What Mazari faced fits within a much larger story. In Pakistan, women’s rights are not merely curtailed — they are structurally undermined. Marital rape is effectively legal. Honour killings persist. Child marriage is jealously defended by powerful religious institutions. Rape survivors are disbelieved and humiliated. Women’s testimony still counts for half a man’s in court.

Mukhtaran Mai. Noor Mukadam. Dr Mahrang Baloch, Imaan’s client, whom she was representing in court the day she was asked to shut up.

Imagine living under laws that over-legislate your existence, simultaneously fearing you, and pitying you, reducing you to a reproductive vessel. If a woman were a car, to use one analogy, she would be denied headlights and an engine — deliberately mutilated.

In that context, every insult hurled at a lawyer like Mazari carries disproportionate weight. Because if the lawyers are silenced, what chance do their clients, the poor, the vulnerable, the disappeared, ever have?

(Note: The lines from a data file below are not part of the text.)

text \<open>The polytope only records \<open>f_i^(\<alpha>)\<close> for \<open>\<alpha> \<noteq> 0\<close>; translations need the full block.\<close>

definition complete_coords :: "('n \<Rightarrow> 'r::{zero,finite} \<Rightarrow> real) \<Rightarrow> 'n \<Rightarrow> 'r \<Rightarrow> real" where
  "complete_coords f i g = (if g = 0 then 1 - (\<Sum>a\<in>{a. a \<noteq> 0}. f i a) else f i g)"

lemma sum_complete_coords: "(\<Sum>g\<in>UNIV. complete_coords f i g) = 1"
proof -
  have "(\<Sum>g\<in>{a. a \<noteq> 0}. complete_coords f i g) = (\<Sum>g\<in>{a. a \<noteq> 0}. f i g)"
    by (rule sum.cong) (auto simp: complete_coords_def)
  with sum_UNIV_eq_zero_plus_nonzero[of "complete_coords f i"] show ?thesis
    by (simp add: complete_coords_def)
qed

lemma sum_nonzero_eq_sum_complete_coords:
  fixes f :: "'n \<Rightarrow> 'r::{zero,finite} \<Rightarrow> real"
  assumes "L 0 = 0"
  shows "(\<Sum>\<alpha>\<in>{a. a \<noteq> 0}. L \<alpha> * f i \<alpha>) = (\<Sum>g\<in>UNIV. L g * complete_coords f i g)"
proof -
  have "(\<Sum>g\<in>{a. a \<noteq> 0}. L g * complete_coords f i g) = (\<Sum>g\<in>{a. a \<noteq> 0}. L g * f i g)"
    by (rule sum.cong) (auto simp: complete_coords_def)
  with sum_UNIV_eq_zero_plus_nonzero[of "\<lambda>g. L g * complete_coords f i g"] show ?thesis
    using assms by simp
qed

definition pcw_shift :: "('n \<Rightarrow> 'r::{ring_1,finite}) \<Rightarrow> ('n \<Rightarrow> 'r \<Rightarrow> real) \<Rightarrow> 'n \<Rightarrow> 'r \<Rightarrow> real" where
  "pcw_shift d f i a = (if a = 0 then 0 else complete_coords f i (a + d i))"

lemma complete_coords_Xi: "complete_coords (Xi c) i g = (if c i = g then 1 else 0)"
proof (cases "g = 0")
  case True
  have "(\<Sum>a\<in>{a. a \<noteq> 0}. Xi c i a) = (if c i \<noteq> 0 then 1 else 0)"
    unfolding Xi_def by (simp add: sum.delta'[of "{a. a \<noteq> 0}"] if_distrib cong: if_cong)
  thus ?thesis using True by (simp add: complete_coords_def)
qed (auto simp: complete_coords_def Xi_def)

lemma pcw_shift_Xi: "pcw_shift d (Xi c) = Xi (c - d)"
  by (intro ext) (simp add: pcw_shift_def complete_coords_Xi, auto simp: Xi_def)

So no. The kind of compliance needed from women in our country is not the nation-building kind of woman our founding mothers were. Imaan is a mouth on legs, and if you ask me, that is far more judge-like than the people she calls “my lord”.

The moral choice

This is not just Pakistan’s story. It is a universal story about how patriarchies function, how power defaults to diminishing women, how “everyday sexism” provides cover for systems of slavery, casteism, ownership, and silencing.

Iman Mazari knew Justice Dogar’s words were not just outbursts; they were claims to authority. She knew they must be resisted. By calling him out publicly on her social media, she broke the cycle of complicity that silence demands. That act alone is worth celebrating.

Because sexism is not just another side of the story. And respect — in law, as in life — must be earned.

What comes next

Pakistan can choose differently. It has shown remarkable willpower when it comes to reshaping skylines with housing societies and concrete developments, often for profit. Yet the more urgent task lies in rebuilding the moral and social foundations of the state.

Justice Dogar, too, has choices. He can approach his office as a servant of law, as a reconciler of fractured social trust between genders. He can help build a country where women are treated as equals under justice: citizens, never subjects.

Or he can continue playing the old patriarch, reinforcing the entrenched patterns of authority that rely on diminishing women’s place in public life.

Pakistan’s women already know this much: they have been the invisible half of its economy, its politics, its homes. They have fought, endured, marched, and still received nothing — no capital, no inheritance, no protection. Just marching orders.

That is why, after centuries of silence, they are no longer whispering.

They will not keep their mouths shut.